## BRIEF
Word for word, return every record that follows.

Collected data:
::::

(* Let $\Delta\ge 4$ be an integer and for positive integers $i,j$ define \[ F(i,j)=(4\Delta-6)\Bigl(\frac{1}{i}+\frac{1}{j}\Bigr)+\Delta^2-6\Delta+3+\frac{6}{\Delta}-(i-j)^2 . \] Then: (a) for every integer $i$ with $3\le i\le \left\lfloor \frac{\Delta+3}{2}\right\rfloor$, the function $j\mapsto F(i,j)$ on the integers $1\le j\le \Delta$ attains its minimum at $j=\Delta$, i.e. $F(i,j)\ge F(i,\Delta)$ for all $1\le j\le \Delta$; (b) for every integer $i$ with $\left\lfloor \frac{\Delta+3}{2}\right\rfloor+1\le i\le \Delta-1$, the function $j\mapsto F(i,j)$ on the integers $1\le j\le \Delta$ attains its minimum at $j=2$, i.e. $F(i,j)\ge F(i,2)$ for all $1\le j\le \Delta$. *)

theory Defs
  imports Complex_Main
begin

definition F :: "nat \<Rightarrow> nat \<Rightarrow> nat \<Rightarrow> real" where
  "F D i j = (4 * real D - 6) * (1 / real i + 1 / real j) + (real D)^2 - 6 * real D + 3
             + 6 / real D - (real i - real j)^2"

end

theory Submission
  imports Defs
begin

text \<open>For fixed \<open>i\<close>, the difference \<open>F(i,j) - F(i,k)\<close> factors as \<open>(k - j)\<close> times
  \<open>(4\<Delta> - 6)/(jk) - (2i - j - k)\<close>. With \<open>k = \<Delta>\<close> the second factor is nonnegative because
  \<open>2i - j - \<Delta> \<le> 3 - j\<close>, and with \<open>k = 2\<close> it is nonpositive for \<open>j \<ge> 3\<close> because \<open>2i \<ge> \<Delta> + 4\<close>
  makes \<open>j(2i - j - 2)\<close> at least \<open>j(\<Delta> + 2 - j) \<ge> 2\<Delta>\<close> on \<open>3 \<le> j \<le> \<Delta>\<close>.\<close>

lemma F_diff_factor:
  assumes "j > 0" "k > 0"
  shows "F D i j - F D i k
    = (real k - real j) * ((4 * real D - 6) / (real j * real k) - (2 * real i - real j - real k))"
  using assms by (simp add: F_def field_simps power2_eq_square)

lemma F_ge_F_max:
  assumes "3 \<le> D" "2 * i \<le> D + 3" "1 \<le> j" "j \<le> D"
  shows "F D i D \<le> F D i j"
proof -
  have D3: "real D \<ge> 3" and i: "2 * real i \<le> real D + 3"
    using assms(1,2) by linarith+
  have "2 * real i - real j - real D \<le> (4 * real D - 6) / (real j * real D)"
  proof (cases "j \<ge> 3")
    case True
    have "0 \<le> (4 * real D - 6) / (real j * real D)" using D3 by simp
    then show ?thesis using True i by linarith
  next
    case False
    with assms(3) consider "j = 1" | "j = 2" by linarith
    then show ?thesis
    proof cases
      case 1
      have "2 \<le> (4 * real D - 6) / real D" using D3 by (simp add: field_simps)
      then show ?thesis using i 1 by simp
    next
      case 2
      have "1 \<le> (4 * real D - 6) / (2 * real D)" using D3 by (simp add: field_simps)
      then show ?thesis using i 2 by simp
    qed
  qed
  moreover have "real j \<le> real D" using assms(4) by simp
  ultimately have "0 \<le> F D i j - F D i D"
    using assms by (simp add: F_diff_factor)
  then show ?thesis by simp
qed

lemma F_ge_F_two:
  assumes "D + 4 \<le> 2 * i" "i < D" "1 \<le> j" "j \<le> D"
  shows "F D i 2 \<le> F D i j"
proof -
  have i: "real D + 4 \<le> 2 * real i" and iD: "real i \<le> real D - 1"
    using assms(1,2) by linarith+
  consider "j = 1" | "j = 2" | "j \<ge> 3" using assms(3) by linarith
  then have "0 \<le> F D i j - F D i 2"
  proof cases
    case 1
    then show ?thesis using iD by (simp add: F_diff_factor)
  next
    case 2
    then show ?thesis by simp
  next
    case 3
    then have j: "3 \<le> real j" "real j \<le> real D" using assms(4) by simp_all
    have "0 \<le> (real j - 3) * (real D - real j)" using j by simp
    then have "4 * real D - 6 \<le> 2 * real j * (real D + 2 - real j)"
      using j by (simp add: algebra_simps)
    also have "\<dots> \<le> 2 * real j * (2 * real i - real j - 2)"
      using i j by (intro mult_left_mono) auto
    finally have "(4 * real D - 6) / (real j * 2) \<le> 2 * real i - real j - 2"
      using j by (simp add: field_simps)
    then show ?thesis
      using 3 by (simp add: F_diff_factor mult_nonpos_nonpos)
  qed
  then show ?thesis by simp
qed

theorem lemma4p1:
  fixes D :: nat
  assumes "D \<ge> 4"
  shows "(\<forall>i j. 3 \<le> i \<and> i \<le> (D + 3) div 2 \<and> 1 \<le> j \<and> j \<le> D
            \<longrightarrow> F D i j \<ge> F D i D)
       \<and> (\<forall>i j. (D + 3) div 2 + 1 \<le> i \<and> i \<le> D - 1 \<and> 1 \<le> j \<and> j \<le> D
            \<longrightarrow> F D i j \<ge> F D i 2)"
proof (intro conjI allI impI)
  fix i j assume "3 \<le> i \<and> i \<le> (D + 3) div 2 \<and> 1 \<le> j \<and> j \<le> D"
  moreover from this have "2 * i \<le> D + 3" by linarith
  ultimately show "F D i j \<ge> F D i D" using assms by (intro F_ge_F_max) auto
next
  fix i j assume "(D + 3) div 2 + 1 \<le> i \<and> i \<le> D - 1 \<and> 1 \<le> j \<and> j \<le> D"
  moreover from this have "D + 4 \<le> 2 * i" by linarith
  ultimately show "F D i j \<ge> F D i 2" using assms by (intro F_ge_F_two) auto
qed

end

::::

## RESULT FOR THIS EXERCISE
(* Let $\Delta\ge 4$ be an integer and for positive integers $i,j$ define \[ F(i,j)=(4\Delta-6)\Bigl(\frac{1}{i}+\frac{1}{j}\Bigr)+\Delta^2-6\Delta+3+\frac{6}{\Delta}-(i-j)^2 . \] Then: (a) for every integer $i$ with $3\le i\le \left\lfloor \frac{\Delta+3}{2}\right\rfloor$, the function $j\mapsto F(i,j)$ on the integers $1\le j\le \Delta$ attains its minimum at $j=\Delta$, i.e. $F(i,j)\ge F(i,\Delta)$ for all $1\le j\le \Delta$; (b) for every integer $i$ with $\left\lfloor \frac{\Delta+3}{2}\right\rfloor+1\le i\le \Delta-1$, the function $j\mapsto F(i,j)$ on the integers $1\le j\le \Delta$ attains its minimum at $j=2$, i.e. $F(i,j)\ge F(i,2)$ for all $1\le j\le \Delta$. *)

theory Defs
  imports Complex_Main
begin

definition F :: "nat \<Rightarrow> nat \<Rightarrow> nat \<Rightarrow> real" where
  "F D i j = (4 * real D - 6) * (1 / real i + 1 / real j) + (real D)^2 - 6 * real D + 3
             + 6 / real D - (real i - real j)^2"

end

theory Submission
  imports Defs
begin

text \<open>For fixed \<open>i\<close>, the difference \<open>F(i,j) - F(i,k)\<close> factors as \<open>(k - j)\<close> times
  \<open>(4\<Delta> - 6)/(jk) - (2i - j - k)\<close>. With \<open>k = \<Delta>\<close> the second factor is nonnegative because
  \<open>2i - j - \<Delta> \<le> 3 - j\<close>, and with \<open>k = 2\<close> it is nonpositive for \<open>j \<ge> 3\<close> because \<open>2i \<ge> \<Delta> + 4\<close>
  makes \<open>j(2i - j - 2)\<close> at least \<open>j(\<Delta> + 2 - j) \<ge> 2\<Delta>\<close> on \<open>3 \<le> j \<le> \<Delta>\<close>.\<close>

lemma F_diff_factor:
  assumes "j > 0" "k > 0"
  shows "F D i j - F D i k
    = (real k - real j) * ((4 * real D - 6) / (real j * real k) - (2 * real i - real j - real k))"
  using assms by (simp add: F_def field_simps power2_eq_square)

lemma F_ge_F_max:
  assumes "3 \<le> D" "2 * i \<le> D + 3" "1 \<le> j" "j \<le> D"
  shows "F D i D \<le> F D i j"
proof -
  have D3: "real D \<ge> 3" and i: "2 * real i \<le> real D + 3"
    using assms(1,2) by linarith+
  have "2 * real i - real j - real D \<le> (4 * real D - 6) / (real j * real D)"
  proof (cases "j \<ge> 3")
    case True
    have "0 \<le> (4 * real D - 6) / (real j * real D)" using D3 by simp
    then show ?thesis using True i by linarith
  next
    case False
    with assms(3) consider "j = 1" | "j = 2" by linarith
    then show ?thesis
    proof cases
      case 1
      have "2 \<le> (4 * real D - 6) / real D" using D3 by (simp add: field_simps)
      then show ?thesis using i 1 by simp
    next
      case 2
      have "1 \<le> (4 * real D - 6) / (2 * real D)" using D3 by (simp add: field_simps)
      then show ?thesis using i 2 by simp
    qed
  qed
  moreover have "real j \<le> real D" using assms(4) by simp
  ultimately have "0 \<le> F D i j - F D i D"
    using assms by (simp add: F_diff_factor)
  then show ?thesis by simp
qed

lemma F_ge_F_two:
  assumes "D + 4 \<le> 2 * i" "i < D" "1 \<le> j" "j \<le> D"
  shows "F D i 2 \<le> F D i j"
proof -
  have i: "real D + 4 \<le> 2 * real i" and iD: "real i \<le> real D - 1"
    using assms(1,2) by linarith+
  consider "j = 1" | "j = 2" | "j \<ge> 3" using assms(3) by linarith
  then have "0 \<le> F D i j - F D i 2"
  proof cases
    case 1
    then show ?thesis using iD by (simp add: F_diff_factor)
  next
    case 2
    then show ?thesis by simp
  next
    case 3
    then have j: "3 \<le> real j" "real j \<le> real D" using assms(4) by simp_all
    have "0 \<le> (real j - 3) * (real D - real j)" using j by simp
    then have "4 * real D - 6 \<le> 2 * real j * (real D + 2 - real j)"
      using j by (simp add: algebra_simps)
    also have "\<dots> \<le> 2 * real j * (2 * real i - real j - 2)"
      using i j by (intro mult_left_mono) auto
    finally have "(4 * real D - 6) / (real j * 2) \<le> 2 * real i - real j - 2"
      using j by (simp add: field_simps)
    then show ?thesis
      using 3 by (simp add: F_diff_factor mult_nonpos_nonpos)
  qed
  then show ?thesis by simp
qed

theorem lemma4p1:
  fixes D :: nat
  assumes "D \<ge> 4"
  shows "(\<forall>i j. 3 \<le> i \<and> i \<le> (D + 3) div 2 \<and> 1 \<le> j \<and> j \<le> D
            \<longrightarrow> F D i j \<ge> F D i D)
       \<and> (\<forall>i j. (D + 3) div 2 + 1 \<le> i \<and> i \<le> D - 1 \<and> 1 \<le> j \<and> j \<le> D
            \<longrightarrow> F D i j \<ge> F D i 2)"
proof (intro conjI allI impI)
  fix i j assume "3 \<le> i \<and> i \<le> (D + 3) div 2 \<and> 1 \<le> j \<and> j \<le> D"
  moreover from this have "2 * i \<le> D + 3" by linarith
  ultimately show "F D i j \<ge> F D i D" using assms by (intro F_ge_F_max) auto
next
  fix i j assume "(D + 3) div 2 + 1 \<le> i \<and> i \<le> D - 1 \<and> 1 \<le> j \<and> j \<le> D"
  moreover from this have "D + 4 \<le> 2 * i" by linarith
  ultimately show "F D i j \<ge> F D i 2" using assms by (intro F_ge_F_two) auto
qed

end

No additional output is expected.